• _INPUT_:
═══

lemma area_at_most_inv_word: "area_at_most K w c \<Longrightarrow> area_at_most K (inv_word w) c"
proof -
  assume "area_at_most K w c"
  then obtain xs rs where "length xs = length rs" "length xs \<le> c"
    "\<forall>x\<in>set xs. snd ` set x \<subseteq> Edge K" "set rs \<subseteq> relators_H_pm K"
    "freely_equal w (conj_prod xs rs)"
    unfolding area_at_most_def by blast
  moreover from this have "freely_equal (inv_word w) (conj_prod (rev xs) (rev (map inv_word rs)))"
    using freely_equal_inv_word inv_word_conj_prod by metis
  ultimately show ?thesis
    unfolding area_at_most_def
    by - (rule exI[of _ "rev xs"], rule exI[of _ "rev (map inv_word rs)"], auto simp: inv_word_relator)
qed

lemma area_at_most_delete:
  assumes "area_at_most K (u @ w @ v) a" and "area_at_most K w b" and "snd ` set u \<subseteq> Edge K"
  shows "area_at_most K (u @ v) (a + b)"
proof -
  have "area_at_most K (u @ inv_word w @ (w @ v)) (a + b)"
    by (rule area_at_most_insert[OF assms(1) area_at_most_inv_word[OF assms(2)] assms(3)])
  then show ?thesis
    using area_at_most_freely_equal freely_equal_sym freely_equal_cancel_inv_word by blast
qed

lemma rev_edge_in_Edge: "e \<in> Edge K \<Longrightarrow> rev_edge e \<in> Edge K"
  by (auto simp: Edge_def rev_edge_def insert_commute)

lemma rev_edge_rev_edge [simp]: "rev_edge (rev_edge e) = e"
  by (simp add: rev_edge_def)

lemma comb_cycle_triangle_iff:
  "comb_cycle K [e, f, g] \<longleftrightarrow>
   e \<in> Edge K \<and> f \<in> Edge K \<and> g \<in> Edge K \<and> snd e = fst f \<and> snd f = fst g \<and> snd g = fst e"
proof -
  have "(\<forall>i. Suc i < 3 \<longrightarrow> snd ([e, f, g] ! i) = fst ([e, f, g] ! Suc i))
        \<longleftrightarrow> snd e = fst f \<and> snd f = fst g"
    by (auto simp: less_Suc_eq numeral_3_eq_3)
  then show ?thesis
    unfolding comb_cycle_def comb_path_def by auto
qed

lemma triangle_relator:
  "comb_cycle K [e, f, g] \<Longrightarrow> [(s, e), (s, f), (s, g)] \<in> relators_H_pm K"
  unfolding relators_H_pm_def relators_H_def by (cases s) blast+

lemma edge_relator:
  assumes "e \<in> Edge K"
  shows "[(s, e), (s, rev_edge e)] \<in> relators_H_pm K"
proof (cases s)
  case True
  then show ?thesis
    unfolding relators_H_pm_def relators_H_def using assms by blast
next
  case False
  have "[(True, rev_edge e), (True, e)] \<in> relators_H K"
    unfolding relators_H_def using rev_edge_in_Edge[OF assms] by force
  then have "inv_word [(True, rev_edge e), (True, e)] \<in> relators_H_pm K"
    unfolding relators_H_pm_def by blast
  with False show ?thesis
    by (simp add: inv_letter_def)
qed

text \<open>If \<open>bca\<close> and \<open>a\<inverse>b\<inverse>c\<inverse>\<close> are relators then \<open>bc = a\<inverse> = cb\<close>.\<close>
lemma area_at_most_commute:
  assumes "[b, c, a] \<in> relators_H_pm K" and "[inv_letter a, inv_letter b, inv_letter c] \<in> relators_H_pm K"
    and "snd ` set u \<subseteq> Edge K" and "area_at_most K (u @ [c, b] @ v) d"
  shows "area_at_most K (u @ [b, c] @ v) (d + 2)"
proof -
  have "area_at_most K ([b, c, a] @ [inv_letter a, inv_letter b, inv_letter c]) 2"
    unfolding area_at_most_def using assms(1,2)
    by - (rule exI[of _ "[[], []]"],
      rule exI[of _ "[[b, c, a], [inv_letter a, inv_letter b, inv_letter c]]"], simp)
  then have commutator: "area_at_most K [b, c, inv_letter b, inv_letter c] 2"
    using area_at_most_freely_equal freely_equal_sym
      freely_equal_cancel_letter[of "[b, c]" a "[inv_letter b, inv_letter c]"] by fastforce
  have "area_at_most K (u @ [b, c, inv_letter b, inv_letter c] @ [c, b] @ v) (d + 2)"
    by (rule area_at_most_insert[OF assms(4) commutator assms(3)])
  moreover have "freely_equal (u @ [b, c, inv_letter b] @ [inv_letter c, c] @ [b] @ v)
      (u @ [b, c, inv_letter b] @ [b] @ v)"
    using freely_equal_cancel_letter[of "u @ [b, c, inv_letter b]" "inv_letter c" "[b] @ v"] by simp
  moreover have "freely_equal (u @ [b, c] @ [inv_letter b, b] @ v) (u @ [b, c] @ v)"
    using freely_equal_cancel_letter[of "u @ [b, c]" "inv_letter b" v] by simp
  ultimately show ?thesis
    using area_at_most_freely_equal freely_equal_sym freely_equal_trans by fastforce
qed

lemma area_at_most_commute_replicate:
  assumes "[b, c, a] \<in> relators_H_pm K" and "[inv_letter a, inv_letter b, inv_letter c] \<in> relators_H_pm K"
    and "snd c \<in> Edge K"
  shows "snd ` set u \<subseteq> Edge K \<Longrightarrow> area_at_most K (u @ replicate k c @ [b] @ v) d
     \<Longrightarrow> area_at_most K (u @ [b] @ replicate k c @ v) (d + 2 * k)"
proof (induction k arbitrary: u d)
  case (Suc k)
  have "area_at_most K ((u @ [c]) @ [b] @ replicate k c @ v) (d + 2 * k)"
    using Suc.IH[of "u @ [c]"] Suc.prems assms(3) by simp
  then have "area_at_most K (u @ [b, c] @ replicate k c @ v) (d + 2 * k + 2)"
    using area_at_most_commute[OF assms(1,2) Suc.prems(1)] by simp
  then show ?case by simp
qed simp

lemma area_at_most_edge_power:
  assumes "[a, b] \<in> relators_H_pm K" and "snd a \<in> Edge K"
  shows "area_at_most K (replicate k a @ replicate k b) k"
proof (induction k)
  case (Suc k)
  have "area_at_most K ([a] @ (replicate k a @ replicate k b) @ [b]) (k + 1)"
    using area_at_most_insert[OF _ Suc.IH, of "[a]" "[b]" 1] area_at_most_relator[OF assms(1)] assms(2)
    by simp
  then show ?case by (simp add: replicate_app_Cons_same)
qed simp

lemma area_at_most_triangle_power:
  assumes "[a, b, c] \<in> relators_H_pm K" and "[b, c, a] \<in> relators_H_pm K"
    and "[inv_letter a, inv_letter b, inv_letter c] \<in> relators_H_pm K"
    and "snd a \<in> Edge K" and "snd b \<in> Edge K" and "snd c \<in> Edge K"
  shows "area_at_most K (replicate k a @ replicate k b @ replicate k c) (k * k)"
proof (induction k)
  case (Suc k)
  have "area_at_most K ([a] @ (replicate k a @ replicate k b @ replicate k c) @ [b, c]) (k * k + 1)"
    using area_at_most_insert[OF _ Suc.IH, of "[a]" "[b, c]" 1] area_at_most_relator[OF assms(1)] assms(4)
    by simp
  then have "area_at_most K ((a # replicate k a @ replicate k b) @ replicate k c @ [b] @ [c]) (k * k + 1)"
    by simp
  with assms(4,5) have "area_at_most K ((a # replicate k a @ replicate k b) @ [b] @ replicate k c @ [c])
      (k * k + 1 + 2 * k)"
    by (intro area_at_most_commute_replicate[OF assms(2,3,6)]) auto
  then show ?case
    by (simp add: replicate_app_Cons_same mult_2 add_ac)
qed simp

lemma letter_pow_conv: "letter_pow e n = replicate (nat \<bar>n\<bar>) (0 \<le> n, e)"
  by (simp add: letter_pow_def)

lemma pow_word_append [simp]: "pow_word (xs @ ys) n = pow_word xs n @ pow_word ys n"
  by (simp add: pow_word_def)

lemma snd_set_pow_word: "snd ` set (pow_word xs n) \<subseteq> set xs"
  by (auto simp: pow_word_def letter_pow_def split: if_splits)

═══

• _EXERCISE BRIEF_: Each line of the data above containing the string "blast" is to be copied.

• _OUTPUT OF THE TASK_:
    unfolding area_at_most_def by blast
    using area_at_most_freely_equal freely_equal_sym freely_equal_cancel_inv_word by blast
  unfolding relators_H_pm_def relators_H_def by (cases s) blast+
    unfolding relators_H_pm_def relators_H_def using assms by blast
    unfolding relators_H_pm_def by blast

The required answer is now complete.